Task goal.
Please copy, character for character, each line from the beginning of the listing to the line containing "(* Unit cells", including both.

Data extract.
(* For every integer $N\ge 0$, let $T_{1\times 4}(5,N)$ be the number of tilings of a $5\times n$ rectangle, $n=4N/5$, by $N$ tiles of size $1\times 4$ (and $0$ if $4N/5\notin\mathbb{Z}$). Then, as formal power series, \[ \sum_{N\ge 0} T_{1\times 4}(5,N)\,z^N=\frac{(1-z^5)^3}{1-6z^5+6z^{10}-4z^{15}+z^{20}}. \]
   Context: A tiling of an $m\times n$ rectangle (width $m$, length $n$, made of $mn$ unit squares) by $a\times b$ tiles is a partition of the rectangle into non-overlapping axis-parallel $a\times b$ rectangles with integer corner coordinates, each placed in either of its two orientations. Tilings related by reflections or rotations of the rectangle are counted as distinct. The empty tiling counts once for $N=0$. *)

theory Defs
  imports Main "HOL-Computational_Algebra.Formal_Power_Series"
begin

(* Unit cells are pairs (i,j) of naturals; cell (i,j) is the unit square [i,i+1]x[j,j+1]. *)

definition rect_cells :: "nat \<Rightarrow> nat \<Rightarrow> nat \<Rightarrow> nat \<Rightarrow> (nat \<times> nat) set" where
  "rect_cells x y w h = {x..<x+w} \<times> {y..<y+h}"

definition board :: "nat \<Rightarrow> nat \<Rightarrow> (nat \<times> nat) set" where
  "board m n = rect_cells 0 0 m n"

definition is_tile :: "nat \<Rightarrow> nat \<Rightarrow> (nat \<times> nat) set \<Rightarrow> bool" where
  "is_tile a b t \<longleftrightarrow> (\<exists>x y. t = rect_cells x y a b \<or> t = rect_cells x y b a)"

definition is_tiling :: "nat \<Rightarrow> nat \<Rightarrow> nat \<Rightarrow> nat \<Rightarrow> (nat \<times> nat) set set \<Rightarrow> bool" where
  "is_tiling a b m n T \<longleftrightarrow>
     (\<forall>t\<in>T. is_tile a b t) \<and>
     (\<forall>t\<in>T. \<forall>t'\<in>T. t \<noteq> t' \<longrightarrow> t \<inter> t' = {}) \<and>
     \<Union>T = board m n"

definition T14_5 :: "nat \<Rightarrow> nat" where
  "T14_5 N = (if 5 dvd (4 * N)
      then card {T. is_tiling 1 4 5 (4 * N div 5) T \<and> card T = N}
      else 0)"

end

theory Submission
  imports Defs
begin

text \<open>Fill the strip of width 5 from the bottom, always covering the lowest, leftmost free cell:
the only tiles that can cover it are the vertical and the horizontal tile with that cell as their
lower left corner. Starting from a flat bottom, every region met is, up to translation and
reflection, a rectangle of height k + 4j with the bottom k < 4 cells of one outer column removed. The series H_k(u) counting these notched
rectangles by u^j satisfy H_0 = 1 + u (H_0 + 2 H_3) and H_(k+1) = H_k + u H_(k+1), hence
H_0 ((1 - u)^4 - 2u) = (1 - u)^3. A tiling of the 5 x 4j rectangle has 5j tiles, so the series
of the theorem is H_0(z^5).\<close>

unbundle fps_syntax

section \<open>Tilings of arbitrary regions\<close>

definition tilings :: "nat \<Rightarrow> nat \<Rightarrow> (nat \<times> nat) set \<Rightarrow> (nat \<times> nat) set set set" where
  "tilings a b S = {T. (\<forall>t\<in>T. is_tile a b t) \<and> pairwise disjnt T \<and> \<Union>T = S}"

lemma is_tiling_iff_tilings: "is_tiling a b m n T \<longleftrightarrow> T \<in> tilings a b (board m n)"
  by (simp add: is_tiling_def tilings_def pairwise_def disjnt_def)

lemma card_tile: "is_tile a b t \<Longrightarrow> card t = a * b"
  unfolding is_tile_def rect_cells_def by (auto simp: card_cartesian_product)

lemma tilings_empty: "0 < a \<Longrightarrow> 0 < b \<Longrightarrow> tilings a b {} = {{}}"
  unfolding tilings_def using card_tile by fastforce

lemma card_tiling:
  assumes "finite S" "T \<in> tilings a b S"
  shows "a * b * card T = card S"
proof -
  have tiles: "\<forall>t\<in>T. is_tile a b t" and disj: "pairwise disjnt T" and cover: "\<Union>T = S"
    using assms(2) unfolding tilings_def by auto
  have "finite T"
    using assms(1) cover finite_UnionD by blast
  moreover have "finite t" if "t \<in> T" for t
    using assms(1) cover that by (metis Union_upper finite_subset)
  ultimately have "card S = (\<Sum>t\<in>T. card t)"
    using card_Union_disjoint[OF disj] cover by simp
  also have "\<dots> = (\<Sum>t\<in>T. a * b)"
    using tiles by (intro sum.cong) (simp_all add: card_tile)
  finally show ?thesis by simp
qed

lemma finite_tilings: "finite S \<Longrightarrow> finite (tilings a b S)"
  by (rule finite_subset[of _ "Pow (Pow S)"]) (auto simp: tilings_def)

lemma tilings_insert_iff:
  assumes "t \<notin> T"
  shows "insert t T \<in> tilings a b S \<longleftrightarrow>
    is_tile a b t \<and> t \<subseteq> S \<and> T \<in> tilings a b (S - t)"
proof
  assume "insert t T \<in> tilings a b S"
  then have "is_tile a b t" "\<forall>u\<in>T. is_tile a b u" "pairwise disjnt T" "t \<union> \<Union>T = S"
    "\<forall>u\<in>T. disjnt t u"
    using assms unfolding tilings_def by (auto simp: pairwise_insert)
  then show "is_tile a b t \<and> t \<subseteq> S \<and> T \<in> tilings a b (S - t)"
    unfolding tilings_def disjnt_def by blast
next
  assume "is_tile a b t \<and> t \<subseteq> S \<and> T \<in> tilings a b (S - t)"
  then show "insert t T \<in> tilings a b S"
    using assms unfolding tilings_def disjnt_def by (auto simp: pairwise_insert)
qed

lemma card_tilings_remove_tile:
  assumes "finite S" "c \<in> S"
  shows "card (tilings a b S) =
    (\<Sum>t\<in>{t. is_tile a b t \<and> c \<in> t \<and> t \<subseteq> S}. card (tilings a b (S - t)))"
proof -
  define C where "C = {t. is_tile a b t \<and> c \<in> t \<and> t \<subseteq> S}"
  have avoid: "u \<notin> T" if "t \<in> C" "T \<in> tilings a b (S - t)" "c \<in> u" for t u T
    using that unfolding C_def tilings_def by blast
  have notin: "t \<notin> T" if "t \<in> C" "T \<in> tilings a b (S - t)" for t T
    using avoid[OF that] that(1) by (simp add: C_def)
  have "tilings a b S = (\<Union>t\<in>C. insert t ` tilings a b (S - t))"
  proof (intro equalityI subsetI)
    fix T assume T: "T \<in> tilings a b S"
    then obtain t where "t \<in> T" "c \<in> t"
      using assms(2) unfolding tilings_def by blast
    with T show "T \<in> (\<Union>t\<in>C. insert t ` tilings a b (S - t))"
      using tilings_insert_iff[of t "T - {t}"] unfolding C_def
      by (auto simp: insert_absorb intro!: image_eqI[of T _ "T - {t}"])
  qed (use notin tilings_insert_iff in \<open>auto simp: C_def\<close>)
  moreover have "finite C"
    using assms(1) by (auto simp: C_def intro: finite_subset[of _ "Pow S"])
  moreover have "inj_on (insert t) (tilings a b (S - t))" if "t \<in> C" for t
    using notin[OF that] by (metis inj_onI insert_ident)
  moreover have "insert t ` tilings a b (S - t) \<inter> insert t' ` tilings a b (S - t') = {}"
    if "t \<in> C" "t' \<in> C" "t \<noteq> t'" for t t'
  proof -
    have "t \<notin> B" if "B \<in> tilings a b (S - t')" for B
      using avoid[OF \<open>t' \<in> C\<close> that] \<open>t \<in> C\<close> by (simp add: C_def)
    then show ?thesis
      using \<open>t \<noteq> t'\<close> by (auto simp: insert_eq_iff)
  qed
  ultimately have "card (tilings a b S) = (\<Sum>t\<in>C. card (tilings a b (S - t)))"
    using assms(1) by (simp add: card_UN_disjoint finite_tilings card_image)
  then show ?thesis unfolding C_def .
qed

lemma image_tiling_in_tilings:
  assumes inv: "\<And>p. p \<in> S \<Longrightarrow> g (f p) = p"
    and tile: "\<And>t. t \<subseteq> S \<Longrightarrow> is_tile a b t \<Longrightarrow> is_tile a b (f ` t)"
    and T: "T \<in> tilings a b S"
  shows "image f ` T \<in> tilings a b (f ` S)"
proof -
  have inj: "inj_on f S"
    using inv by (rule inj_on_inverseI)
  have sub: "t \<subseteq> S" if "t \<in> T" for t
    using T that unfolding tilings_def by blast
  have "disjnt (f ` t) (f ` u)" if "t \<in> T" "u \<in> T" "f ` t \<noteq> f ` u" for t u
  proof -
    have "t \<noteq> u"
      using that(3) by blast
    then have "disjnt t u"
      using T that(1,2) unfolding tilings_def pairwise_def by blast
    then show ?thesis
      using inj_on_image_Int[OF inj sub[OF that(1)] sub[OF that(2)]] by (simp add: disjnt_def)
  qed
  then show ?thesis
    using T tile sub unfolding tilings_def pairwise_def by auto
qed

lemma image_image_tiling_inverse:
  assumes inv: "\<And>p. p \<in> S \<Longrightarrow> g (f p) = p" and T: "T \<in> tilings a b S"
  shows "image g ` image f ` T = T"
proof -
  have "g ` f ` t = t" if "t \<subseteq> S" for t
  proof -
    have "g ` f ` t = (\<lambda>p. g (f p)) ` t"
      by (simp add: image_image)
    also have "\<dots> = (\<lambda>p. p) ` t"
      using inv that by (intro image_cong) auto
    finally show ?thesis
      by simp
  qed
  moreover have "t \<subseteq> S" if "t \<in> T" for t
    using T that unfolding tilings_def by blast
  ultimately show ?thesis
    by (simp add: image_image cong: image_cong)
qed

lemma card_tilings_image:
  assumes inv: "\<And>p. p \<in> S \<Longrightarrow> g (f p) = p"
    and tile_f: "\<And>t. t \<subseteq> S \<Longrightarrow> is_tile a b t \<Longrightarrow> is_tile a b (f ` t)"
    and tile_g: "\<And>t. t \<subseteq> f ` S \<Longrightarrow> is_tile a b t \<Longrightarrow> is_tile a b (g ` t)"
  shows "card (tilings a b (f ` S)) = card (tilings a b S)"
proof -
  have inv': "\<And>q. q \<in> f ` S \<Longrightarrow> f (g q) = q"
    using inv by auto
  have "g ` f ` S = S"
    using inv by force
  then have "bij_betw (image (image f)) (tilings a b S) (tilings a b (f ` S))"
    using image_tiling_in_tilings[of S g f, OF inv tile_f]
      image_tiling_in_tilings[of "f ` S" f g, OF inv' tile_g]
      image_image_tiling_inverse[of S g f, OF inv]
      image_image_tiling_inverse[of "f ` S" f g, OF inv']
    by (intro bij_betw_byWitness[where f' = "image (image g)"]) auto
  then show ?thesis
    by (simp add: bij_betw_same_card)
qed

lemma rect_cells_empty_iff: "rect_cells x y p q = {} \<longleftrightarrow> p = 0 \<or> q = 0"
  unfolding rect_cells_def by auto

lemma image_mirror_rect_cells:
  assumes "x + p \<le> w"
  shows "(\<lambda>(i, j). (w - 1 - i, j)) ` rect_cells x y p q = rect_cells (w - (x + p)) y p q"
proof (intro set_eqI iffI)
  fix c assume "c \<in> rect_cells (w - (x + p)) y p q"
  then obtain i j where "c = (i, j)" "w - (x + p) \<le> i" "i < w - x" "y \<le> j" "j < y + q"
    using assms unfolding rect_cells_def by auto
  then show "c \<in> (\<lambda>(i, j). (w - 1 - i, j)) ` rect_cells x y p q"
    using assms unfolding rect_cells_def by (intro image_eqI[of _ _ "(w - 1 - i, j)"]) auto
qed (use assms in \<open>auto simp: rect_cells_def\<close>)

lemma is_tile_image_mirror:
  assumes "t \<subseteq> {..<w} \<times> UNIV" "is_tile a b t"
  shows "is_tile a b ((\<lambda>(i, j). (w - 1 - i, j)) ` t)"
proof (cases "t = {}")
  case False
  from assms(2) obtain x y p q
    where t: "t = rect_cells x y p q" and pq: "(p, q) = (a, b) \<or> (p, q) = (b, a)"
    unfolding is_tile_def by blast
  have "(x + p - 1, y) \<in> t"
    using False unfolding t rect_cells_def by (auto simp: rect_cells_empty_iff)
  then have "x + p \<le> w"
    using assms(1) by auto
  then show ?thesis
    using pq unfolding t image_mirror_rect_cells[OF \<open>x + p \<le> w\<close>] is_tile_def by blast
qed (use assms in simp)

lemma image_shift_rect_cells:
  "(\<lambda>(i, j). (i, j + d)) ` rect_cells x y p q = rect_cells x (y + d) p q"
proof (intro set_eqI iffI)
  fix c assume "c \<in> rect_cells x (y + d) p q"
  then obtain i j where "c = (i, j)" "x \<le> i" "i < x + p" "y + d \<le> j" "j < y + d + q"
    unfolding rect_cells_def by auto
  then show "c \<in> (\<lambda>(i, j). (i, j + d)) ` rect_cells x y p q"
    unfolding rect_cells_def by (intro image_eqI[of _ _ "(i, j - d)"]) auto
qed (auto simp: rect_cells_def)

lemma is_tile_image_shift: "is_tile a b t \<Longrightarrow> is_tile a b ((\<lambda>(i, j). (i, j + d)) ` t)"
  unfolding is_tile_def by (metis image_shift_rect_cells)

lemma is_tile_image_unshift:
  assumes "t \<subseteq> UNIV \<times> {d..}" "is_tile a b t"
  shows "is_tile a b ((\<lambda>(i, j). (i, j - d)) ` t)"
proof (cases "t = {}")
  case False
  from assms(2) obtain x y p q
    where t: "t = rect_cells x y p q" and pq: "(p, q) = (a, b) \<or> (p, q) = (b, a)"
    unfolding is_tile_def by blast
  have "(x, y) \<in> t"
    using False unfolding t rect_cells_def by (auto simp: rect_cells_empty_iff)
  then have "d \<le> y"
    using assms(1) by auto
  then have "t = (\<lambda>(i, j). (i, j + d)) ` rect_cells x (y - d) p q"
    unfolding t image_shift_rect_cells by simp
  then have "(\<lambda>(i, j). (i, j - d)) ` t = rect_cells x (y - d) p q"
    by (simp add: image_image case_prod_beta)
  then show ?thesis
    using pq unfolding is_tile_def by blast
qed (use assms in simp)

Solution to this problem.
(* For every integer $N\ge 0$, let $T_{1\times 4}(5,N)$ be the number of tilings of a $5\times n$ rectangle, $n=4N/5$, by $N$ tiles of size $1\times 4$ (and $0$ if $4N/5\notin\mathbb{Z}$). Then, as formal power series, \[ \sum_{N\ge 0} T_{1\times 4}(5,N)\,z^N=\frac{(1-z^5)^3}{1-6z^5+6z^{10}-4z^{15}+z^{20}}. \]
   Context: A tiling of an $m\times n$ rectangle (width $m$, length $n$, made of $mn$ unit squares) by $a\times b$ tiles is a partition of the rectangle into non-overlapping axis-parallel $a\times b$ rectangles with integer corner coordinates, each placed in either of its two orientations. Tilings related by reflections or rotations of the rectangle are counted as distinct. The empty tiling counts once for $N=0$. *)

theory Defs
  imports Main "HOL-Computational_Algebra.Formal_Power_Series"
begin

(* Unit cells are pairs (i,j) of naturals; cell (i,j) is the unit square [i,i+1]x[j,j+1]. *)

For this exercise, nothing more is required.